J’entame un feuilleton, discontinu, que le lecteur se rassure, je ne souhaite pas le lasser par cinq ou six articles successifs sur le même thème, à savoir la distinction morale entre l’homme et l’animal. Au cours des épisodes j’aborderai ce que nous enseigne la tradition occidentale sur cette question : religion, philosophie, biologie, éthologie, et j’essayerai de faire entrevoir les risques encourus à vouloir abandonner ces enseignements au profit d’une confusion entre l’homme et l’animal.
L’épisode n° 1 de ce feuilleton parlera de ce que l’air du temps nous dit.
Fin 2001, le philosophe français mondialement célèbre, Jacques Derrida, répondait sur France-Culture à des questions sur sa position à propos du rapport aux animaux.
A la première question qui portait sur l’autorisation ou l’interdiction morale d’écraser des cafards, Jacques Derrida a répondu : « Non, il n’y a pas interdiction de tuer quand c’est nécessaire, je demande seulement qu’on éprouve un peu de compassion et de culpabilité ».
Puis un peu plus tard :
« Il faudra bien qu’on revoie l’élevage industriel concentrationnaire, qui constitue un véritable génocide animal ».
Sur France-Culture encore, en juillet 2002, un auteur italien est interviewé a propos du livre qu’il a écrit sur ce qui a précédé la Shoah et qui, sans en être la cause ou pouvoir l’expliquer, était un préalable indispensable à ce qu’elle puisse avoir lieu. Ce sont, nous dit-il, des choses qui ont marqué l’évolution en profondeur des mentalités. Il s’agit d’abord de l’invention de la guillotine, effort de rationalisation, quasi industrielle, de la mise à mort.
En second lieu il s’agit des abattoirs, qui au xixe siècle connaissent une rationalisation industrielle.
Ces deux phénomènes sont à rapprocher de la rationalisation et de l’industrialisation des moyens mis en œuvre pour réaliser la Shoah.
En 2003 une polémique s’est déclenchée en Californie à propos de la campagne publicitaire conduite par une association en faveur des droits des animaux, qui comparait la souffrance des animaux d'élevage à celle des victimes de l'Holocauste.
Cette campagne s'est attiré les critiques virulentes d'une importante association juive qui a dénoncé la « banalisation » de la Shoah. Le concepteur de la campagne a affirmé qu'il était juif et qu'il avait perdu plusieurs membres de sa famille dans les camps de concentration nazis. Il a déclaré s'être attendu à ces critiques. « Le fait est que tous les animaux ressentent la douleur, la peur et la solitude. Nous demandons aux gens de reconnaître que ce que les Juifs et d'autres ont connu pendant l'Holocauste est ce que les animaux vivent chaque jours dans les fermes industrielles ».
On peut m’objecter que ces références commencent à dater et qu’il n’est pas certain que ce ne fût pas un effet de mode passager. Je ne crois pas qu’il en soit ainsi. En janvier 2008 paraissait en français le livre de l’historien américain Charles Patterson intitulé : Un éternel Treblinka, des abattoirs aux camps de la mort. Sur le site de vente en ligne d'Amazon, dans « le mot de l’éditeur », on lit : Dans ce livre provocateur – que certains considéreront même comme scandaleux – mais courageux et novateur, l’historien américain Charles Patterson […] va jusqu’à établir un parallèle entre la façon dont l’homme traite les animaux d’élevage et la façon dont il a traité ses congénères pendant la Shoah.

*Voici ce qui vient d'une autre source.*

(* Let $T$ be a tree. If $\Gamma(T)-\gamma(T)<3$, then the domination polynomial $D(T,x)$ is unimodal.
   Context: A dominating set of a graph $G=(V,E)$ is a set $S\subseteq V$ such that every vertex is in $S$ or adjacent to a vertex of $S$; it is minimal if no proper subset is dominating. $\gamma(T)$ is the minimum size of a dominating set and $\Gamma(T)$ the maximum size of a minimal dominating set. For $T$ of order $n$, $D(T,x)=\sum_{i=0}^n d_ix^i$ where $d_i$ is the number of dominating sets of size $i$. A polynomial $a_0+\cdots+a_nx^n$ is unimodal if there is $0\le k\le n$ with $a_0\le\cdots\le a_k\ge a_{k+1}\ge\cdots\ge a_n$. *)

theory Defs
  imports Main
begin

definition simple_graph :: "'a set \<Rightarrow> 'a set set \<Rightarrow> bool" where
  "simple_graph V E \<longleftrightarrow> finite V \<and> (\<forall>e\<in>E. e \<subseteq> V \<and> card e = 2)"

definition adj :: "'a set set \<Rightarrow> 'a \<Rightarrow> 'a \<Rightarrow> bool" where
  "adj E u v \<longleftrightarrow> {u, v} \<in> E"

definition walk :: "'a set \<Rightarrow> 'a set set \<Rightarrow> 'a list \<Rightarrow> bool" where
  "walk V E p \<longleftrightarrow> p \<noteq> [] \<and> set p \<subseteq> V \<and> (\<forall>i. Suc i < length p \<longrightarrow> adj E (p ! i) (p ! Suc i))"

definition connected_graph :: "'a set \<Rightarrow> 'a set set \<Rightarrow> bool" where
  "connected_graph V E \<longleftrightarrow> V \<noteq> {} \<and>
     (\<forall>u\<in>V. \<forall>v\<in>V. \<exists>p. walk V E p \<and> hd p = u \<and> last p = v)"

definition has_cycle :: "'a set \<Rightarrow> 'a set set \<Rightarrow> bool" where
  "has_cycle V E \<longleftrightarrow> (\<exists>p. walk V E p \<and> length p \<ge> 3 \<and> distinct p \<and> adj E (last p) (hd p))"

definition is_tree :: "'a set \<Rightarrow> 'a set set \<Rightarrow> bool" where
  "is_tree V E \<longleftrightarrow> simple_graph V E \<and> connected_graph V E \<and> \<not> has_cycle V E"

definition dominating :: "'a set \<Rightarrow> 'a set set \<Rightarrow> 'a set \<Rightarrow> bool" where
  "dominating V E S \<longleftrightarrow> S \<subseteq> V \<and> (\<forall>v\<in>V. v \<in> S \<or> (\<exists>u\<in>S. adj E u v))"

definition minimal_dominating :: "'a set \<Rightarrow> 'a set set \<Rightarrow> 'a set \<Rightarrow> bool" where
  "minimal_dominating V E S \<longleftrightarrow> dominating V E S \<and> (\<forall>S'. S' \<subset> S \<longrightarrow> \<not> dominating V E S')"

definition domination_number :: "'a set \<Rightarrow> 'a set set \<Rightarrow> nat" where
  "domination_number V E = Min (card ` {S. dominating V E S})"

definition upper_domination_number :: "'a set \<Rightarrow> 'a set set \<Rightarrow> nat" where
  "upper_domination_number V E = Max (card ` {S. minimal_dominating V E S})"

text \<open>d_i = number of dominating sets of size i (coefficients of D(T,x)).\<close>
definition dom_coeff :: "'a set \<Rightarrow> 'a set set \<Rightarrow> nat \<Rightarrow> nat" where
  "dom_coeff V E i = card {S. dominating V E S \<and> card S = i}"

definition unimodal :: "(nat \<Rightarrow> nat) \<Rightarrow> nat \<Rightarrow> bool" where
  "unimodal a n \<longleftrightarrow> (\<exists>k\<le>n. (\<forall>i. i < k \<longrightarrow> a i \<le> a (Suc i)) \<and>
                             (\<forall>i. k \<le> i \<and> i < n \<longrightarrow> a i \<ge> a (Suc i)))"

end

(*
  For a dominating set S call v \<in> S removable if S - {v} is still dominating, and let r(S) be
  the number of removable vertices. Counting pairs (S, v) with v removable from S, where
  |S| = i + 1, gives (n - i) d_i = \<Sum> r(S). In a tree, r(S) \<le> 2 (|S| - \<gamma>): deleting a deepest
  removable vertex v costs at most two removable vertices: if w stops being removable, some
  vertex is dominated only by v and w, and as v is deepest this forces w to be the parent of v
  or the only other neighbour in S of the parent of v.
  Conversely r(S) \<ge> 2 (|S| - \<Gamma>): for each colour class of the bipartition, the vertices of S
  of that colour together with private neighbours of the non-removable vertices of the other
  colour form an independent set, hence a subset of a minimal dominating set.
  So d_i \<le> d_(i+1) whenever 3 i + 2 \<le> n + 2 \<gamma>, and d_(i+1) \<le> d_i whenever 3 i + 2 \<ge> n + 2 \<Gamma>.
  If \<Gamma> \<le> \<gamma> + 2 these two ranges leave at most one step undecided, which unimodality allows.
*)
theory Submission
  imports Defs
begin

lemma adj_commute: "adj E u v = adj E v u"
  by (simp add: adj_def insert_commute)

lemma walk_iff_successively: "walk V E p \<longleftrightarrow> p \<noteq> [] \<and> set p \<subseteq> V \<and> successively (adj E) p"
  by (simp add: walk_def successively_conv_nth)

Cet ouvrage a fait l'objet de présentations et de débats dans des émissions de radio et dans des quotidiens tous fort honorables.
Si vous naviguez sur Internet, vous constaterez que ce rapprochement entre élevage, abattage des animaux et Shoah est encore d’actualité, et pas seulement chez les antispécistes, les végétaliens et autres adeptes du veganisme.
Pour le moment, de ce constat je ne tirerai aucune autre leçon que celle-ci : j’aimerais bien savoir ce que Claude Lanzmann et Elie Wiesel en pensent.
Mais j’y reviendrai dans un épisode ultérieur du feuilleton.